II. Closing Argument

¶13 Dodson next contends the prosecutor improperly argued in closing that the State need not prove he acted intentionally. Because Dodson did not object to the State's closing argument below, we review only for fundamental error. State v. Henderson, 210 Ariz. 561, 567, ¶ 19, 115 P.3d 601, 607 (2005). To prevail under this standard, Dodson must show both that error occurred and that he was prejudiced by it. Id. at ¶ 20 (citations omitted).

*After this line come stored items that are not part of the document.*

(* We have $\mathfrak{b}_1^2(x) + \mathfrak{b}_{-1}^2(x) > 0$ for every $x \in \mathbb{R}$, and also \[ \mathrm{span} \{\mathfrak{b}_{\pm 1}(\cdot)\} = \mathrm{span} \{\cos(2\pi \cdot),\sin(2\pi \cdot)\} = \{L \sin(2\pi\cdot + \eta) : L,\eta \in \mathbb{R} \}. \]
   Context: For a traveling pulse $u^*$ (speed $c$) of $\mathrm{d}u=Au\,\mathrm{d}t+f(u)\,\mathrm{d}t$ on $\mathcal X=H^{s,p}(\mathbb{R};\mathbb{R}^n)$ with linearization $\mathcal L=A+c\partial_x+f'(u^* )$, let $\psi$ be the bounded functional with $\Pi^cf=-\langle\psi,f\rangle\partial_xu^*$, $\Pi^c$ the spectral projection onto $\mathrm{span}\{\partial_xu^*\}$. Let $\mathcal T_xf=f(\cdot-x)$ and $\pi_{\mathrm{iso}}$ the isochron map (upright $\pi$ in the paper, not the circle constant; defined by $\lim_{t\to\infty}\|u^v(t)-u^*(\cdot-ct-\pi_{\mathrm{iso}}(v))\|_{\mathcal X}=0$), which satisfies $\pi_{\mathrm{iso}}'(\mathcal T_xu^* )[v]=\langle\mathcal T_x\psi,v\rangle$. Noise basis $e_1(x)=\sqrt2\cos(2\pi x)$, $e_{-1}(x)=-\sqrt2\sin(2\pi x)$ (generally $e_k=\sqrt2\cos(2\pi kx)$ for $k>0$, $e_0=1$, $e_k=\sqrt2\sin(2\pi kx)$ for $k<0$), noise coefficients $\alpha_k$, nonlinearity $g$. Define $\mathfrak b_k(x)=\alpha_k\pi_{\mathrm{iso}}'(\mathcal T_xu^* )[g(\mathcal T_xu^* )e_k]=\alpha_k\langle\mathcal T_x[\psi g(u^* )],e_k\rangle$. Assume $\alpha_1\ne0$, $\alpha_{-1}\ne0$ and that there exists $x\in\mathbb{R}$ with $\langle\psi g(u^* ),\sin(2\pi\cdot+x)\rangle\ne0$. *)

theory Defs
  imports "HOL-Analysis.Analysis" "HOL-Library.Function_Algebras"
begin

definition ebasis :: "int \<Rightarrow> real \<Rightarrow> real" where
  "ebasis k x = (if k = 0 then 1
     else if k > 0 then sqrt 2 * cos (2 * pi * real_of_int k * x)
     else sqrt 2 * sin (2 * pi * real_of_int k * x))"

definition pairing :: "(real \<Rightarrow> real) \<Rightarrow> (real \<Rightarrow> real) \<Rightarrow> real" where
  "pairing f g = (\<integral>y. f y * g y \<partial>lborel)"

definition transl :: "real \<Rightarrow> (real \<Rightarrow> real) \<Rightarrow> real \<Rightarrow> real" where
  "transl x f = (\<lambda>y. f (y - x))"

text \<open>b_k(x) = alpha_k < T_x [psi g(u*)], e_k >, with h standing for the scalar function psi g(u*).\<close>
definition bfrak :: "(int \<Rightarrow> real) \<Rightarrow> (real \<Rightarrow> real) \<Rightarrow> int \<Rightarrow> real \<Rightarrow> real" where
  "bfrak \<alpha> h k x = \<alpha> k * pairing (transl x h) (ebasis k)"

definition fscale :: "real \<Rightarrow> ('a \<Rightarrow> real) \<Rightarrow> 'a \<Rightarrow> real" where
  "fscale c f = (\<lambda>x. c * f x)"

abbreviation fspan :: "('a \<Rightarrow> real) set \<Rightarrow> ('a \<Rightarrow> real) set" where
  "fspan \<equiv> module.span fscale"

end

theory Submission imports Defs begin

(* Translating h by x rotates its Fourier coefficients (C, S) = (<h, cos (2 pi .)>, <h, sin (2 pi .)>)
   by the angle 2 pi x, so b_1 and b_(-1) are the two rows of a rotation applied to (C, S), scaled by
   the nonzero factors sqrt 2 alpha_1 and -sqrt 2 alpha_(-1).  The nondegeneracy hypothesis says
   exactly that (C, S) \<noteq> 0.  A rotation preserves C^2 + S^2, which gives positivity, and the
   change of basis from (cos (2 pi .), sin (2 pi .)) to (b_1, b_(-1)) has determinant
   -2 alpha_1 alpha_(-1) (C^2 + S^2) \<noteq> 0, which gives the span.  The last equality is the polar
   form a cos t + b sin t = L sin (t + eta). *)

lemma module_fscale: "module (fscale :: real \<Rightarrow> ('a \<Rightarrow> real) \<Rightarrow> _)"
  by unfold_locales (auto simp: fscale_def algebra_simps)

lemma fspan_pair: "fspan {f, g} = {(\<lambda>x. a * f x + b * g x) | a b. True}"
  for f g :: "'a \<Rightarrow> real"
proof -
  interpret module "fscale :: real \<Rightarrow> ('a \<Rightarrow> real) \<Rightarrow> _" by (rule module_fscale)
  have "u - fscale a f - fscale b g = 0 \<longleftrightarrow> u = (\<lambda>x. a * f x + b * g x)" for u a b
    by (auto simp: fun_eq_iff fscale_def algebra_simps)
  then show ?thesis
    unfolding span_insert span_empty by auto
qed

lemma fspan_pair_eq_fspan_pair:
  fixes f g :: "'a \<Rightarrow> real"
  assumes "f' = (\<lambda>x. a * f x + b * g x)" and "g' = (\<lambda>x. c * f x + d * g x)"
    and det: "a * d - b * c \<noteq> 0"
  shows "fspan {f', g'} = fspan {f, g}"
proof -
  interpret module "fscale :: real \<Rightarrow> ('a \<Rightarrow> real) \<Rightarrow> _" by (rule module_fscale)
  define \<delta> where "\<delta> = a * d - b * c"
  have "d * f' x - b * g' x = \<delta> * f x" "a * g' x - c * f' x = \<delta> * g x" for x
    by (simp_all add: assms(1,2) \<delta>_def algebra_simps)
  then have "f = (\<lambda>x. (d / \<delta>) * f' x + (- b / \<delta>) * g' x)"
    and "g = (\<lambda>x. (- c / \<delta>) * f' x + (a / \<delta>) * g' x)"
    using det by (auto simp: \<delta>_def[symmetric] fun_eq_iff field_simps)
  then have "{f, g} \<subseteq> fspan {f', g'}"
    unfolding fspan_pair by blast
  moreover have "{f', g'} \<subseteq> fspan {f, g}"
    unfolding fspan_pair assms(1,2) by blast
  ultimately show ?thesis
    using span_eq by blast
qed

lemma cos_sin_combinations_eq_phase_shifts:
  fixes \<theta> :: "'a \<Rightarrow> real"
  shows "{(\<lambda>x. a * cos (\<theta> x) + b * sin (\<theta> x)) | a b. True}
    = {(\<lambda>x. L * sin (\<theta> x + \<eta>)) | L \<eta>. True}"
proof -
  have polar: "\<exists>L \<eta>. a = L * sin \<eta> \<and> b = L * cos \<eta>" for a b :: real
  proof (cases "a = 0 \<and> b = 0")
    case True
    then show ?thesis by auto
  next
    case False
    define L where "L = sqrt (a\<^sup>2 + b\<^sup>2)"
    have "a\<^sup>2 + b\<^sup>2 > 0"
      using False by (simp add: sum_power2_gt_zero_iff)
    then have "L > 0" and "L\<^sup>2 = a\<^sup>2 + b\<^sup>2"
      by (simp_all add: L_def)
    then have "(b / L)\<^sup>2 + (a / L)\<^sup>2 = 1"
      using False by (simp add: power_divide add_divide_distrib[symmetric] add.commute)
    then obtain \<eta> where "b / L = cos \<eta>" "a / L = sin \<eta>"
      using sincos_total_2pi by blast
    with \<open>L > 0\<close> have "a = L * sin \<eta>" "b = L * cos \<eta>"
      by (simp_all add: field_simps)
    then show ?thesis by blast
  qed
  have shift: "(\<lambda>x. L * sin (\<theta> x + \<eta>)) = (\<lambda>x. (L * sin \<eta>) * cos (\<theta> x) + (L * cos \<eta>) * sin (\<theta> x))"
    for L \<eta> by (auto simp: fun_eq_iff sin_add algebra_simps)
  show ?thesis
  proof (intro set_eqI iffI)
    fix f
    assume "f \<in> {(\<lambda>x. a * cos (\<theta> x) + b * sin (\<theta> x)) | a b. True}"
    then obtain a b where "f = (\<lambda>x. a * cos (\<theta> x) + b * sin (\<theta> x))"
      by blast
    moreover obtain L \<eta> where "a = L * sin \<eta>" "b = L * cos \<eta>"
      using polar by blast
    ultimately have "f = (\<lambda>x. L * sin (\<theta> x + \<eta>))"
      using shift by simp
    then show "f \<in> {(\<lambda>x. L * sin (\<theta> x + \<eta>)) | L \<eta>. True}"
      by blast
  next
    fix f
    assume "f \<in> {(\<lambda>x. L * sin (\<theta> x + \<eta>)) | L \<eta>. True}"
    then show "f \<in> {(\<lambda>x. a * cos (\<theta> x) + b * sin (\<theta> x)) | a b. True}"
      using shift by blast
  qed
qed

lemma integrable_mult_bounded:
  fixes h k :: "real \<Rightarrow> real"
  assumes h: "integrable lborel h" and k: "k \<in> borel_measurable borel" and bound: "\<And>x. \<bar>k x\<bar> \<le> B"
  shows "integrable lborel (\<lambda>z. h z * k z)"
proof (rule Bochner_Integration.integrable_bound)
  show "integrable lborel (\<lambda>z. B * h z)"
    using h by simp
  show "(\<lambda>z. h z * k z) \<in> borel_measurable lborel"
    using h k by measurable
  have "\<bar>h z\<bar> * \<bar>k z\<bar> \<le> \<bar>h z\<bar> * \<bar>B\<bar>" for z
    using bound[of z] by (intro mult_left_mono) auto
  then show "AE z in lborel. norm (h z * k z) \<le> norm (B * h z)"
    by (simp add: abs_mult mult.commute)
qed

lemma pairing_transl: "pairing (transl x h) g = pairing h (\<lambda>z. g (x + z))"
  unfolding pairing_def transl_def
  using lborel_integral_real_affine[where c=1 and t=x and f="\<lambda>y. h (y - x) * g y"] by simp

lemma pairing_scale_right: "pairing h (\<lambda>y. c * g y) = c * pairing h g"
  unfolding pairing_def by (simp add: mult.left_commute)

lemma pairing_cos_sin_combination:
  assumes "integrable lborel h"
  shows "pairing h (\<lambda>y. a * cos (\<omega> * y) + b * sin (\<omega> * y))
    = a * pairing h (\<lambda>y. cos (\<omega> * y)) + b * pairing h (\<lambda>y. sin (\<omega> * y))"
proof -
  have "integrable lborel (\<lambda>y. h y * cos (\<omega> * y))" "integrable lborel (\<lambda>y. h y * sin (\<omega> * y))"
    by (rule integrable_mult_bounded[OF assms, where B=1]; simp)+
  then show ?thesis
    unfolding pairing_def by (simp add: distrib_left mult.left_commute)
qed

lemma pairing_transl_cos:
  assumes "integrable lborel h"
  shows "pairing (transl x h) (\<lambda>y. cos (\<omega> * y))
    = cos (\<omega> * x) * pairing h (\<lambda>y. cos (\<omega> * y)) - sin (\<omega> * x) * pairing h (\<lambda>y. sin (\<omega> * y))"
  using pairing_cos_sin_combination[OF assms, of "cos (\<omega> * x)" \<omega> "- sin (\<omega> * x)"]
  by (simp add: pairing_transl distrib_left cos_add)

lemma pairing_transl_sin:
  assumes "integrable lborel h"
  shows "pairing (transl x h) (\<lambda>y. sin (\<omega> * y))
    = sin (\<omega> * x) * pairing h (\<lambda>y. cos (\<omega> * y)) + cos (\<omega> * x) * pairing h (\<lambda>y. sin (\<omega> * y))"
  using pairing_cos_sin_combination[OF assms, of "sin (\<omega> * x)" \<omega> "cos (\<omega> * x)"]
  by (simp add: pairing_transl distrib_left sin_add)

definition fourier_cos :: "(real \<Rightarrow> real) \<Rightarrow> real" where
  "fourier_cos h = pairing h (\<lambda>y. cos (2 * pi * y))"

definition fourier_sin :: "(real \<Rightarrow> real) \<Rightarrow> real" where
  "fourier_sin h = pairing h (\<lambda>y. sin (2 * pi * y))"

lemma ebasis_one: "ebasis 1 = (\<lambda>y. sqrt 2 * cos (2 * pi * y))"
  and ebasis_minus_one: "ebasis (-1) = (\<lambda>y. - sqrt 2 * sin (2 * pi * y))"
  by (auto simp: ebasis_def fun_eq_iff)

lemma bfrak_one_eq:
  assumes "integrable lborel h"
  shows "bfrak \<alpha> h 1 = (\<lambda>x. sqrt 2 * \<alpha> 1
    * (fourier_cos h * cos (2 * pi * x) - fourier_sin h * sin (2 * pi * x)))"
  unfolding fun_eq_iff bfrak_def ebasis_one pairing_scale_right pairing_transl_cos[OF assms]
  by (simp add: fourier_cos_def fourier_sin_def)

lemma bfrak_minus_one_eq:
  assumes "integrable lborel h"
  shows "bfrak \<alpha> h (-1) = (\<lambda>x. - sqrt 2 * \<alpha> (-1)
    * (fourier_sin h * cos (2 * pi * x) + fourier_cos h * sin (2 * pi * x)))"
  unfolding fun_eq_iff bfrak_def ebasis_minus_one pairing_scale_right pairing_transl_sin[OF assms]
  by (simp add: fourier_cos_def fourier_sin_def algebra_simps)

lemma fourier_coeffs_nonzero:
  assumes "integrable lborel h" and "pairing h (\<lambda>y. sin (2 * pi * y + x)) \<noteq> 0"
  shows "(fourier_cos h)\<^sup>2 + (fourier_sin h)\<^sup>2 > 0"
proof -
  have "pairing h (\<lambda>y. sin (2 * pi * y + x)) = sin x * fourier_cos h + cos x * fourier_sin h"
    using pairing_cos_sin_combination[OF assms(1), of "sin x" "2 * pi" "cos x"]
    by (simp add: fourier_cos_def fourier_sin_def sin_add algebra_simps)
  then show ?thesis
    using assms(2) by (auto simp: sum_power2_gt_zero_iff)
qed

lemma rotation_sum_squares:
  fixes C S t :: real
  shows "(C * cos t - S * sin t)\<^sup>2 + (S * cos t + C * sin t)\<^sup>2 = C\<^sup>2 + S\<^sup>2"
proof -
  have "(C * cos t - S * sin t)\<^sup>2 + (S * cos t + C * sin t)\<^sup>2
      = (C\<^sup>2 + S\<^sup>2) * ((sin t)\<^sup>2 + (cos t)\<^sup>2)"
    by algebra
  then show ?thesis by (simp only: sin_cos_squared_add mult_1_right)
qed

lemma scaled_rotation_sum_squares_pos:
  fixes C S u v t :: real
  assumes "u \<noteq> 0" and "v \<noteq> 0" and "C\<^sup>2 + S\<^sup>2 > 0"
  shows "(u * (C * cos t - S * sin t))\<^sup>2 + (v * (S * cos t + C * sin t))\<^sup>2 > 0"
proof -
  have "C * cos t - S * sin t \<noteq> 0 \<or> S * cos t + C * sin t \<noteq> 0"
    using assms(3) rotation_sum_squares[of C t S] by auto
  then show ?thesis
    using assms(1,2) by (auto simp: sum_power2_gt_zero_iff)
qed

lemma fspan_scaled_rotation:
  fixes f g :: "'a \<Rightarrow> real"
  assumes "u \<noteq> 0" and "v \<noteq> 0" and "C\<^sup>2 + S\<^sup>2 > 0"
  shows "fspan {\<lambda>x. u * (C * f x - S * g x), \<lambda>x. v * (S * f x + C * g x)} = fspan {f, g}"
proof (rule fspan_pair_eq_fspan_pair)
  have "u * C * (v * C) - - (u * S) * (v * S) = u * v * (C\<^sup>2 + S\<^sup>2)"
    by (simp add: power2_eq_square algebra_simps)
  then show "u * C * (v * C) - - (u * S) * (v * S) \<noteq> 0"
    using assms by (metis mult_eq_0_iff order_less_irrefl)
qed (auto simp: fun_eq_iff algebra_simps)

theorem lemma4p3:
  fixes \<alpha> :: "int \<Rightarrow> real" and h :: "real \<Rightarrow> real"
  assumes h_int: "integrable lborel h"
    and a1: "\<alpha> 1 \<noteq> 0" and am1: "\<alpha> (-1) \<noteq> 0"
    and nondeg: "\<exists>x. pairing h (\<lambda>y. sin (2 * pi * y + x)) \<noteq> 0"
  shows "(\<forall>x. (bfrak \<alpha> h 1 x)\<^sup>2 + (bfrak \<alpha> h (-1) x)\<^sup>2 > 0)
    \<and> fspan {bfrak \<alpha> h 1, bfrak \<alpha> h (-1)} = fspan {\<lambda>x. cos (2 * pi * x), \<lambda>x. sin (2 * pi * x)}
    \<and> fspan {\<lambda>x. cos (2 * pi * x), \<lambda>x. sin (2 * pi * x)}
        = {(\<lambda>x. L * sin (2 * pi * x + \<eta>)) | L \<eta>. True}"
proof -
  have CS: "(fourier_cos h)\<^sup>2 + (fourier_sin h)\<^sup>2 > 0"
    using nondeg fourier_coeffs_nonzero[OF h_int] by blast
  have u: "sqrt 2 * \<alpha> 1 \<noteq> 0" and v: "- sqrt 2 * \<alpha> (-1) \<noteq> 0"
    using a1 am1 by simp_all
  show ?thesis
    unfolding bfrak_one_eq[OF h_int] bfrak_minus_one_eq[OF h_int]
    using scaled_rotation_sum_squares_pos[OF u v CS]
      fspan_scaled_rotation[OF u v CS, of "\<lambda>x. cos (2 * pi * x)" "\<lambda>x. sin (2 * pi * x)"]
      cos_sin_combinations_eq_phase_shifts[of "\<lambda>x. 2 * pi * x"]
    by (simp add: fspan_pair)
qed

end
lemma sum_le_single_support:
  fixes f :: "'a \<Rightarrow> real"
  assumes "finite S" "\<And>j. j \<in> S \<Longrightarrow> f j \<le> B" "0 \<le> B"
    and single: "\<And>j j'. j \<in> S \<Longrightarrow> j' \<in> S \<Longrightarrow> f j \<noteq> 0 \<Longrightarrow> f j' \<noteq> 0 \<Longrightarrow> j = j'"
  shows "sum f S \<le> B"
proof (cases "\<exists>j\<in>S. f j \<noteq> 0")
  case True
  then obtain j0 where j0: "j0 \<in> S" "f j0 \<noteq> 0" by blast
  have "sum f S = f j0 + sum f (S - {j0})" using assms(1) j0(1) by (simp add: sum.remove)
  also have "sum f (S - {j0}) = 0" using single j0 by (intro sum.neutral) blast
  finally show ?thesis using assms(2) j0 by simp
next
  case False
  then show ?thesis using assms(3) by simp
qed

lemma kink_pen_le_quarter_length:
  assumes "p \<le> q"
  shows "kink_pen p q \<le> ((q - p) / 2)\<^sup>2"
proof (cases "p < of_int \<lfloor>q\<rfloor>")
  case True
  define \<mu> where "\<mu> = min (of_int \<lfloor>q\<rfloor> - p) (q - of_int \<lfloor>q\<rfloor>)"
  have "0 \<le> \<mu>" "\<mu> \<le> (q - p) / 2" using True by (auto simp: \<mu>_def min_def)
  then show ?thesis using True by (simp add: kink_pen_def \<mu>_def[symmetric] power_mono)
next
  case False
  then show ?thesis by (simp add: kink_pen_def)
qed

lemma kink_pen_nonzero:
  assumes "kink_pen p q \<noteq> 0"
  shows "p < of_int \<lfloor>q\<rfloor> \<and> of_int \<lfloor>q\<rfloor> < q"
proof -
  have "p < of_int \<lfloor>q\<rfloor>" "min (of_int \<lfloor>q\<rfloor> - p) (q - of_int \<lfloor>q\<rfloor>) \<noteq> 0"
    using assms by (auto simp: kink_pen_def split: if_splits)
  then show ?thesis by (smt (verit, best) of_int_floor_le)
qed

definition rc_list :: "real list \<Rightarrow> (real \<times> real) list" where
  "rc_list a = map (\<lambda>j. (frac ((a ! j + rc_arc_end a j) / 2), rc_arc_end a j - a ! j)) [0..<length a]"

lemma rc_eq: "rc n x = pmf_of_list (rc_list (antipodes n x))"
  by (simp add: rc_def rc_list_def Let_def)

(* A strictly increasing list of points of [0, 1): the representatives of the antipodal
  points in RC.  Consecutive points bound the RC arcs, the last arc wrapping around through 1. *)
locale unit_points =
  fixes a :: "real list"
  assumes sorted: "sorted_wrt (<) a"
    and in_unit: "\<forall>z\<in>set a. 0 \<le> z \<and> z < 1"
begin

lemma nth_less: "i < j \<Longrightarrow> j < length a \<Longrightarrow> a ! i < a ! j"
  using sorted by (simp add: sorted_wrt_iff_nth_less)

lemma nth_le: "i \<le> j \<Longrightarrow> j < length a \<Longrightarrow> a ! i \<le> a ! j"
  using nth_less by (metis le_less)

lemma nth_in_unit: "j < length a \<Longrightarrow> 0 \<le> a ! j \<and> a ! j < 1"
  using in_unit by simp

lemma arc_bounds:
  assumes "j < length a"
  shows "a ! 0 \<le> a ! j" "a ! j \<le> rc_arc_end a j" "rc_arc_end a j \<le> a ! 0 + 1"
proof -
  have "0 < length a" using assms by linarith
  then have a0: "0 \<le> a ! 0" using nth_in_unit by blast
  show "a ! 0 \<le> a ! j" using nth_le[of 0 j] assms by simp
  show "a ! j \<le> rc_arc_end a j"
    using assms a0 nth_less[of j "Suc j"] nth_in_unit[of j] by (auto simp: rc_arc_end_def)
  show "rc_arc_end a j \<le> a ! 0 + 1"
    using a0 nth_in_unit[of "Suc j"] by (auto simp: rc_arc_end_def)
qed

lemma arc_end_le_later:
  assumes "j < j'" "j' < length a"
  shows "rc_arc_end a j \<le> a ! j'"
  using assms nth_le[of "Suc j" j'] by (auto simp: rc_arc_end_def)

¶14 Even assuming arguendo that the prosecutor misstated the law in closing, Dodson has not demonstrated the requisite prejudice. The jury was instructed that the lawyers' closing arguments were not evidence. Jurors were also instructed to render a verdict based on the evidence presented and were properly advised that the State must prove: (1) Dodson possessed a tool, instrument, or other article adapted or commonly used for committing burglary; and (2) he intended to use or permit the use of such an item in the commission of a burglary. We presume that jurors follow their instructions. State v. Prince, 204 Ariz. 156, 158, ¶ 9, 61 P.3d 450, 452 (2003) (citation omitted); see also State v. Anderson, 210 Ariz. 327, 342, ¶ 52, 111 P.3d 369, 384 (2005) (trial court's correct instruction on law and admonition that lawyers' arguments were not evidence negated fundamental error based on prosecutor's clear misstatements of law).

CONCLUSION

¶15 For the foregoing reasons, we affirm Dodson's conviction and sentence.

ANDREW W. GOULD, Presiding Judge, PATRICIA A. OROZCO, Judge, concurring.

FootNotes


1. Although the notice of appeal states that Dodson is also appealing his burglary conviction, the opening brief addresses only the possession of burglary tools conviction. We therefore do not address the burglary charge. See, e.g., Schabel v. Deer Valley Unified Sch. Dist. No. 97, 186 Ariz. 161, 167, 920 P.2d 41, 47 (App. 1996) ("Issues not clearly raised and argued in a party's appellate brief are waived."); MT Builders, L.L.C. v. Fisher Roofing, Inc., 219 Ariz. 297, 304 n.7, ¶ 19, 197 P.3d 758, 765 n.7 (App. 2008) (arguments not developed on appeal are deemed waived).